- Your objective -
Write out, word for word, every line in the data below from the one containing "s) * (\<alpha>4" to the one containing "real \<Rightarrow> real \<Rightarrow> real) \<Rightarrow> (real", both of them included.
──────── Supplied entries ────────
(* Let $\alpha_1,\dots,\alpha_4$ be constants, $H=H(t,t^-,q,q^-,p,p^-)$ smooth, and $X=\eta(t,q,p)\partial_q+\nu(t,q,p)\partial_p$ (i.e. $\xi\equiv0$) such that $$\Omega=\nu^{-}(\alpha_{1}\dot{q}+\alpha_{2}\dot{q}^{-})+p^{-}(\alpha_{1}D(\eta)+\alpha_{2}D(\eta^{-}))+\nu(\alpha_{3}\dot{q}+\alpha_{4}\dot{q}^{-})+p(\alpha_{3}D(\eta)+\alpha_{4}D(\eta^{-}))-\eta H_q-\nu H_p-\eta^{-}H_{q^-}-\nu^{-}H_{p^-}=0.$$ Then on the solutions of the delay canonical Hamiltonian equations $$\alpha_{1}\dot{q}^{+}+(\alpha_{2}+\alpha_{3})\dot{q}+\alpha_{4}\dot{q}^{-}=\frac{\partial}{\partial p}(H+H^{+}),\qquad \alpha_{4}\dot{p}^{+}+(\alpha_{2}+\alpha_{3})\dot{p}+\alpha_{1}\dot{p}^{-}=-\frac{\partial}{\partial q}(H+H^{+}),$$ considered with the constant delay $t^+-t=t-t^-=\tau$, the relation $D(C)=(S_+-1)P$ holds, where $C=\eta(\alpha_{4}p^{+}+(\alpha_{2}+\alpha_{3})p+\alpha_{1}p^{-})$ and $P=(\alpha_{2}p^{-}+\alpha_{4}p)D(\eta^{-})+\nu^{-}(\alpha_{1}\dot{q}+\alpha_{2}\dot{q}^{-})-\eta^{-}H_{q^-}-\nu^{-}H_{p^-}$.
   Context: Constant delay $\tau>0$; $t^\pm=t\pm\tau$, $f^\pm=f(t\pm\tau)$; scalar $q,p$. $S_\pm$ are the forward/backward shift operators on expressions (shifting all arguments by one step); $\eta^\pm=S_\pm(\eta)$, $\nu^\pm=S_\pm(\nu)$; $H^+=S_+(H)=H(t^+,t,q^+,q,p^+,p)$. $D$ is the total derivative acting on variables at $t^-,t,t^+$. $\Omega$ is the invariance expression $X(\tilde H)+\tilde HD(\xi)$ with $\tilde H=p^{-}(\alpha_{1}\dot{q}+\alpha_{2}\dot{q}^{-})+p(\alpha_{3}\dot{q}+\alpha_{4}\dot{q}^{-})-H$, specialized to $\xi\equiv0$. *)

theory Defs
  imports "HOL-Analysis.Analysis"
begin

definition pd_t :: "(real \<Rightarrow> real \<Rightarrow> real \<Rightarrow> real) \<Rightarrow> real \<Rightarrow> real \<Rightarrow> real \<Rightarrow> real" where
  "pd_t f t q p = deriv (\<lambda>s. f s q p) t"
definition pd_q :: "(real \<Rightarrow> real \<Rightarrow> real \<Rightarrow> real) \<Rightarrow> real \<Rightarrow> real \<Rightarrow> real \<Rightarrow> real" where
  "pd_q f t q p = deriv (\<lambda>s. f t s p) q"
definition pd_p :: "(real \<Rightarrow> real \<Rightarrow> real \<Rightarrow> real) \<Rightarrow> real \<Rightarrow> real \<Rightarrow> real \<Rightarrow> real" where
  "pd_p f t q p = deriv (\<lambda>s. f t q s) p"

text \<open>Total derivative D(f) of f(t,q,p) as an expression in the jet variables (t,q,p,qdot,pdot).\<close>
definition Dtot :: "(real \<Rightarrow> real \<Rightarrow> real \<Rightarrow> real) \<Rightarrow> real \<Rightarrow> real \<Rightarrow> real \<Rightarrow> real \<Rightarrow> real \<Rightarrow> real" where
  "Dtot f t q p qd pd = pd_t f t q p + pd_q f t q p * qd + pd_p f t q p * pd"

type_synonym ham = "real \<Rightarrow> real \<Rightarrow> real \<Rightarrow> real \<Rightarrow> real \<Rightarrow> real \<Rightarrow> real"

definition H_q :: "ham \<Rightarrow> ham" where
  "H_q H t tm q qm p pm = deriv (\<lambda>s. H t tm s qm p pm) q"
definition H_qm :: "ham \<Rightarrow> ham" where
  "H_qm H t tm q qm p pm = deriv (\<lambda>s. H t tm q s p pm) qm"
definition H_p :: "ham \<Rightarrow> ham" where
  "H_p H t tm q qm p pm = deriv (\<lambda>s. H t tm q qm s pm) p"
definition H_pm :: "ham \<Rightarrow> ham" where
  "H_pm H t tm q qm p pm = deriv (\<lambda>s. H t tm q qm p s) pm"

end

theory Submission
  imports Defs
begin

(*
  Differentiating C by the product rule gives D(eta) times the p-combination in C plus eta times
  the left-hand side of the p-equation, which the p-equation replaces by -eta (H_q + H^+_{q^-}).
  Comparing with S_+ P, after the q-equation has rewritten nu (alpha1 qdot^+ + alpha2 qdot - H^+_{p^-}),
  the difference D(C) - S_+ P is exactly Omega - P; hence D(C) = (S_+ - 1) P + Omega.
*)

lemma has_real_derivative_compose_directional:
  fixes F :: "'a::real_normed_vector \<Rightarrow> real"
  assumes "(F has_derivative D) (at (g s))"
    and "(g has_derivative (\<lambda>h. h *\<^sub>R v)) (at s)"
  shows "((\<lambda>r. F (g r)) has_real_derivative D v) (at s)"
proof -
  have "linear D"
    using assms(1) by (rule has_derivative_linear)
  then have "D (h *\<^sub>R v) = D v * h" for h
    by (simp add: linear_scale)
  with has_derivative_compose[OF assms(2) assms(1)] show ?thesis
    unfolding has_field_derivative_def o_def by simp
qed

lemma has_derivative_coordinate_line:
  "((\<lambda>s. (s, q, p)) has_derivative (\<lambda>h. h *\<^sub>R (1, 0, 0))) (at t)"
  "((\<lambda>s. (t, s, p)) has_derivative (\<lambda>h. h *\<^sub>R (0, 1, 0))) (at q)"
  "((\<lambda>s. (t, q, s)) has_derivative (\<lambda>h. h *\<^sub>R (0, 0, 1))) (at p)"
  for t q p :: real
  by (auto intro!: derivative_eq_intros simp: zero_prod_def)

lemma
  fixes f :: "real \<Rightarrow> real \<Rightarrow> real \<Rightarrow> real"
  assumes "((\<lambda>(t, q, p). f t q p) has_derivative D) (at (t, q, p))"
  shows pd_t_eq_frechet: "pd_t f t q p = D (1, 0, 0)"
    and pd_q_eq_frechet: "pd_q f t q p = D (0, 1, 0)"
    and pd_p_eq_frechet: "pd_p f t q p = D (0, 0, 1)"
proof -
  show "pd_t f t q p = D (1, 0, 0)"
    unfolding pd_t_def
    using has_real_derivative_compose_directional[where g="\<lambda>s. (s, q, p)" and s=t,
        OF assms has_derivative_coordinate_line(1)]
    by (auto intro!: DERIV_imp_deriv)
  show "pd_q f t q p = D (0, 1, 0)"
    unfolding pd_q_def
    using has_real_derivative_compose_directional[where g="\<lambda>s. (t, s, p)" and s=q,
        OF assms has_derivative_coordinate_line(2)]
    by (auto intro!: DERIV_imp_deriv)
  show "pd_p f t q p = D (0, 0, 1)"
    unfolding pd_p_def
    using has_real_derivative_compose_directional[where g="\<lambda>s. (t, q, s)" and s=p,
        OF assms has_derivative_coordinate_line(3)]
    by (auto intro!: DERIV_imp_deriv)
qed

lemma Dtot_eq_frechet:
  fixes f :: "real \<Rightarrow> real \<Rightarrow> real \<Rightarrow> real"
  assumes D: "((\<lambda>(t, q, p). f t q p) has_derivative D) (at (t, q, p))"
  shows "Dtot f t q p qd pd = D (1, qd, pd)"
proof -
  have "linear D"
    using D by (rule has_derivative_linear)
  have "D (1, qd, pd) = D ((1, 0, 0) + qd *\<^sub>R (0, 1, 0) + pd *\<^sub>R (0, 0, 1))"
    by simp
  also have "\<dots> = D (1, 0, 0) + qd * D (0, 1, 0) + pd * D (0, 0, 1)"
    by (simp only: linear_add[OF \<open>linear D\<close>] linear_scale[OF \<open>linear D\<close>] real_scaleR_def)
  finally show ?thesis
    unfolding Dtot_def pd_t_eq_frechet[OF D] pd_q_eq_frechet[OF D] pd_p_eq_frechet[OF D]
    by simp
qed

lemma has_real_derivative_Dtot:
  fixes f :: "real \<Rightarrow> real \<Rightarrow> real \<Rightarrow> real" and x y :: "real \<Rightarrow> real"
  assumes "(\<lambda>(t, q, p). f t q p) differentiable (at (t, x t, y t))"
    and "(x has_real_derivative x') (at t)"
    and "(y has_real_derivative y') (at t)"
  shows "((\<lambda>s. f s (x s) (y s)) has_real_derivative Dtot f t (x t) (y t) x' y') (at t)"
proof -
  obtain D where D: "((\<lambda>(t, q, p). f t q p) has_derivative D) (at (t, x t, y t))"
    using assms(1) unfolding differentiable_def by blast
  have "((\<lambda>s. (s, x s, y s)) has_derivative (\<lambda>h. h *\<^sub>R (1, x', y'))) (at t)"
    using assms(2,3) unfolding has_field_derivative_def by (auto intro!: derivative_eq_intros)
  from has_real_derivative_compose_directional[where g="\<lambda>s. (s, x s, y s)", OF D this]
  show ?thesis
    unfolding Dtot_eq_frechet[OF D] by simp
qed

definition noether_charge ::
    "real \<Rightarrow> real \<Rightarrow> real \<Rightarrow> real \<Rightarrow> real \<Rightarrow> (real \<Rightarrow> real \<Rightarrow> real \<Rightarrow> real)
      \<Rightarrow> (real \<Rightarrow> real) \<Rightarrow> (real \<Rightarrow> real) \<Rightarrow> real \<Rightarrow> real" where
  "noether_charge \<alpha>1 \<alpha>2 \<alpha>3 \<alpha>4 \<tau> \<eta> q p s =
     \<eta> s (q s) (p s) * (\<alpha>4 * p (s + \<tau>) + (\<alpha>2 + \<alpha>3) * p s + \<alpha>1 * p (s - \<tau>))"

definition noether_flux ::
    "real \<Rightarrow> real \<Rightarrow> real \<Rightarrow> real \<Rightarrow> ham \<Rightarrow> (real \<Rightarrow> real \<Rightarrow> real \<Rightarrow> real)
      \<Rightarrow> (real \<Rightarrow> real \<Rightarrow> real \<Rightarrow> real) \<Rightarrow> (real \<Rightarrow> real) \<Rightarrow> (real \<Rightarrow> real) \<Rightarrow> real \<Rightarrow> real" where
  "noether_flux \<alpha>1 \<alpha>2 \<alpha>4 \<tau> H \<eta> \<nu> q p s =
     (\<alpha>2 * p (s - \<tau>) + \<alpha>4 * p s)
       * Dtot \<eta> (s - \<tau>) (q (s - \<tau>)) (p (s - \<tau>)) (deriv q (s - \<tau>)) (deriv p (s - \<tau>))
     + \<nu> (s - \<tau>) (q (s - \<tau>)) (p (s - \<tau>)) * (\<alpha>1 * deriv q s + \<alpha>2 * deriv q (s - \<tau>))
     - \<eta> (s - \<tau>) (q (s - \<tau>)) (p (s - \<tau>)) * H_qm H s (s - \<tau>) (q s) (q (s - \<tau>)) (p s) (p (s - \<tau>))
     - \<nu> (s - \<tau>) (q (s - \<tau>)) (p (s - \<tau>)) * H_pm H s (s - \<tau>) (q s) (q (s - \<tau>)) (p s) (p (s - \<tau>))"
────────
──────── Supplied entries ────────
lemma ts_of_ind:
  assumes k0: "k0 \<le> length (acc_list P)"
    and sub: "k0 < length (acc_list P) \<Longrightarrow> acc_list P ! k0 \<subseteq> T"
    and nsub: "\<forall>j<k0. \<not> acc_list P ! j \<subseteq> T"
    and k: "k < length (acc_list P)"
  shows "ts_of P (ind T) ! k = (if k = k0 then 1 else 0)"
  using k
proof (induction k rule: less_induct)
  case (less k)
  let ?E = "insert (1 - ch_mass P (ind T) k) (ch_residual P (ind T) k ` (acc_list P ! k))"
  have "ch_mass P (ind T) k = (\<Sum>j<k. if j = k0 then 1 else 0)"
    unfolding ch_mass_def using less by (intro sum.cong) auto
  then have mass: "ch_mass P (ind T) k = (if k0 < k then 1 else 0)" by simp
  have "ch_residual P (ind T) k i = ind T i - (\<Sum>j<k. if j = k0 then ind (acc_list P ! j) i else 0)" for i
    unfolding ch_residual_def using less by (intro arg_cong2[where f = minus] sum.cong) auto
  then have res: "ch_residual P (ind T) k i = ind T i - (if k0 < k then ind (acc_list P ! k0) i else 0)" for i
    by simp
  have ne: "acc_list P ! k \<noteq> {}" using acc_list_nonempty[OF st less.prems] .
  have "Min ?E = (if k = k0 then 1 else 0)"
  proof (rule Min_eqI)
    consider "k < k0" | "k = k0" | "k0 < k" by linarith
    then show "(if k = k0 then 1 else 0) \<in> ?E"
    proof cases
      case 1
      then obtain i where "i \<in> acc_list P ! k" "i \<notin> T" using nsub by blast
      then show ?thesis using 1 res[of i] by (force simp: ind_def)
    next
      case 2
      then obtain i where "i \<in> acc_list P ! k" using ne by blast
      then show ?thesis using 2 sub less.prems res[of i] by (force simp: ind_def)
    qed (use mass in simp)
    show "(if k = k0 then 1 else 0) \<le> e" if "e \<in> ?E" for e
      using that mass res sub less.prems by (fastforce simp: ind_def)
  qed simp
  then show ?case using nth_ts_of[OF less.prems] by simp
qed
────────
──────── Supplied entries ────────
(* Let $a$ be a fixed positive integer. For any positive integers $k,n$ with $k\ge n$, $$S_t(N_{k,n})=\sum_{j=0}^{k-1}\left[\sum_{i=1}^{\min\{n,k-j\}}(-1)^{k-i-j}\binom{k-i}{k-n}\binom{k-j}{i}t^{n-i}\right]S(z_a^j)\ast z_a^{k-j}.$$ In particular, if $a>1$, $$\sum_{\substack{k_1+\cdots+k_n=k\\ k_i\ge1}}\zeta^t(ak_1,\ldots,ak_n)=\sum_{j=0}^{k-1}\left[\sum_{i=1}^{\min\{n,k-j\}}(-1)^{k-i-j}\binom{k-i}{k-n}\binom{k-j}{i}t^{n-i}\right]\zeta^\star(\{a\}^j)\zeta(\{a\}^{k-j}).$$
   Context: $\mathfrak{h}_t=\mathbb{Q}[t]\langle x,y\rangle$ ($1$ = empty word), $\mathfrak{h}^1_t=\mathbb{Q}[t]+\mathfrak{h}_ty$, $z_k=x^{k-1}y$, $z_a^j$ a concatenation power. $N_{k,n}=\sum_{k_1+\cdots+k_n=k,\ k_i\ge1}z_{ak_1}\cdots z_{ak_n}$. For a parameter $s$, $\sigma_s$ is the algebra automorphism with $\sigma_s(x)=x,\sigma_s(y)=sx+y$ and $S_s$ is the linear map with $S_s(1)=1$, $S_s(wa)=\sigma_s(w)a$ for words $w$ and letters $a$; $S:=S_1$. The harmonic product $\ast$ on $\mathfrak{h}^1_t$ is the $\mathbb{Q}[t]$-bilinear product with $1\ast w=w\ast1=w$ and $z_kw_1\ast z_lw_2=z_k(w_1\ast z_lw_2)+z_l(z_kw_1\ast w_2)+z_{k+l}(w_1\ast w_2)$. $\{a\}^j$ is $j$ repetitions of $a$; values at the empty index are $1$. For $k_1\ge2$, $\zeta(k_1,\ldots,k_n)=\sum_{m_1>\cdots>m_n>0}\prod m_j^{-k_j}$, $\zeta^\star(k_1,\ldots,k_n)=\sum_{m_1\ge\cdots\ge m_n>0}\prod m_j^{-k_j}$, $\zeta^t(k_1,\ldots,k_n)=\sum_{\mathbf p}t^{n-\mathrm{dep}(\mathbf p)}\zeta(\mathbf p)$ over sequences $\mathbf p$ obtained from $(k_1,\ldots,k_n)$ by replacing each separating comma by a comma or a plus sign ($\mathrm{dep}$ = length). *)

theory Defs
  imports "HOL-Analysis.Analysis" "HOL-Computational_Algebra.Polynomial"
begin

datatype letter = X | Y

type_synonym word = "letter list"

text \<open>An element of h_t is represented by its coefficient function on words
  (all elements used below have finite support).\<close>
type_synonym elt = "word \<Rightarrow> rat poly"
────────
- Output of the exercise -
     \<eta> s (q s) (p s) * (\<alpha>4 * p (s + \<tau>) + (\<alpha>2 + \<alpha>3) * p s + \<alpha>1 * p (s - \<tau>))"

definition noether_flux ::
    "real \<Rightarrow> real \<Rightarrow> real \<Rightarrow> real \<Rightarrow> ham \<Rightarrow> (real \<Rightarrow> real \<Rightarrow> real \<Rightarrow> real)
      \<Rightarrow> (real \<Rightarrow> real \<Rightarrow> real \<Rightarrow> real) \<Rightarrow> (real \<Rightarrow> real) \<Rightarrow> (real \<Rightarrow> real) \<Rightarrow> real \<Rightarrow> real" where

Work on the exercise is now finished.